Comment on attachment 171927 [details] Patch I agree that it's time to land this and follow-up with other patches as necessary. I've filed a couple follow-up bugs and related them to this one. They can be either fixed or closed at a later juncture.
Thank you for your perseverance. I look forward to discussing this and other patches with you in person next time you're in SF.
Comment on attachment 171927 [details] Patch Clearing flags on attachment: 171927 Committed r133375: <http://trac.webkit.org/changeset/133375>
All reviewed patches have been landed. Closing bug.
Re-opened since this is blocked by bug 101138
Unfortunately, this breaks three tests: http://test-results.appspot.com/dashboards/flakiness_dashboard.html#showExpectations=true&tests=css3%2Fline-break%2Fline-break-auto-half-kana.html http://test-results.appspot.com/dashboards/flakiness_dashboard.html#showExpectations=true&tests=css3%2Fline-break%2Fline-break-normal-sound-marks.html http://test-results.appspot.com/dashboards/flakiness_dashboard.html#showExpectations=true&tests=css3%2Fline-break%2Fline-break-auto-sound-marks.html Rolling out for now.
Glenn: To be clear, the path forward here is just for you to look at the failures and to explain what's right/wrong and for us to fix the location of the -expected files to match, and then we can reland.
Created attachment 172397 [details] Patch
Comment on attachment 172397 [details] Patch Retarget chromium-linux reftest expectations to chromium (generic), but use default reftests with chromium-android. This should address chromium fails, but may see some Qt fails, for which I've opened https://bugs.webkit.org/show_bug.cgi?id=101250. If Qt fails, then should skip css3/line-break, pending fixes for bug 101250.
Comment on attachment 172397 [details] Patch Thanks.

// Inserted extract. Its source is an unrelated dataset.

(* Let $\mathbb M^{n+1}$ be Minkowski space with form $\langle-,-\rangle$ of signature $-+\dots+$, let $c>0$, and let $\mathcal K^c=\{x\in\mathbb M^{n+1}:\langle x,x\rangle=-c^2,\ x \text{ future-oriented}\}$ with the Riemannian metric induced by $\langle-,-\rangle$ (a hyperbolic space of curvature $-1/c^2$), so that $T_p\mathcal K^c=p^\perp$ with the inner product $\langle-,-\rangle|_{p^\perp}$. Fix $p\in\mathcal K^c$. For $w\in T_p\mathcal K^c$ put $v(w):=c\tanh(|w|/c)\,\frac{w}{|w|}$ ($v(0)=0$); this is a bijection from $T_p\mathcal K^c$ onto the open ball $\mathcal V_p=\{u\in p^\perp:\langle u,u\rangle<c^2\}$. For $w_1,w_2\in T_p\mathcal K^c$, let $q:=\exp_p w_1$, let $w_2'\in T_q\mathcal K^c$ be the parallel transport of $w_2$ along the geodesic segment from $p$ to $q$, let $r:=\exp_q w_2'$, and define $w_1\oplus w_2:=\exp_p^{-1}r$. For $v_1,v_2\in\mathcal V_p$ with $v_i=v(w_i)$ define $v_1\oplus v_2:=v(w_1\oplus w_2)$. Then $v_1\oplus v_2$ equals the Einstein relativistic velocity sum $$v_1\oplus v_2=\frac{1}{1+\frac{\langle v_1,v_2\rangle}{c^2}}\left(v_1+\frac{v_2}{\gamma_{v_1}}+\frac{1}{c^2}\,\frac{\gamma_{v_1}}{1+\gamma_{v_1}}\langle v_1,v_2\rangle\, v_1\right),\qquad \gamma_{v_1}=\Big(1-\frac{\langle v_1,v_1\rangle}{c^2}\Big)^{-1/2}.$$
   Context: $\exp$ denotes the Riemannian exponential map of $\mathcal K^c$ and $|w|=\sqrt{\langle w,w\rangle}$ for $w\in p^\perp$. The velocity $v(w)$ is the relative velocity (as measured by $p$) of the inertial observer $\exp_p w$; the Einstein sum $v_1\oplus v_2$ is the velocity, relative to $p$, of an object moving with velocity $v_2$ relative to a frame that moves with velocity $v_1$ relative to $p$ (frames related by a pure boost). *)

theory Defs
  imports "HOL-Analysis.Analysis"
begin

Comment on attachment 172397 [details] Patch Clearing flags on attachment: 172397 Committed r133529: <http://trac.webkit.org/changeset/133529>
This made performance worse on chromium's intl2 page cycler by about 10% http://build.chromium.org/f/chromium/perf/chromium-rel-win7-webkit/intl1/report.html?history=150&rev=-1 Notice that performance regressed with http://trac.webkit.org/log/?verbose=on&rev=133379&stop_rev=133369, improved with this patch was reverted in http://trac.webkit.org/log/?verbose=on&rev=133386&stop_rev=133385, then regressed again in http://trac.webkit.org/log/?verbose=on&rev=133531&stop_rev=133523
Is that a test that Glenn can run himself?
(In reply to comment #112) > This made performance worse on chromium's intl2 page cycler by about 10% > > http://build.chromium.org/f/chromium/perf/chromium-rel-win7-webkit/intl1/report.html?history=150&rev=-1 > > Notice that performance regressed with http://trac.webkit.org/log/?verbose=on&rev=133379&stop_rev=133369, improved with this patch was reverted in http://trac.webkit.org/log/?verbose=on&rev=133386&stop_rev=133385, then regressed again in http://trac.webkit.org/log/?verbose=on&rev=133531&stop_rev=133523 is this perf regress chromium platform specific? e.g., cr-win specific? cr-linux? i'm set up to build/test on Ubuntu 12.04 64-bit, so i'll update and attempt to track down this test
It seems to be most pronounced on cr-win - here's a cr-linux graph for comparison: http://build.chromium.org/f/chromium/perf/linux-release-webkit-latest/intl2/report.html?history=150&rev=-1. The results overall are noisier, but there doesn't appear to be room for a 10% regression. Some parts of the line breaking code are platform-specific so that could explain it - we also use a different toolchain (msvs vs gcc/clang on linux/mac respectively).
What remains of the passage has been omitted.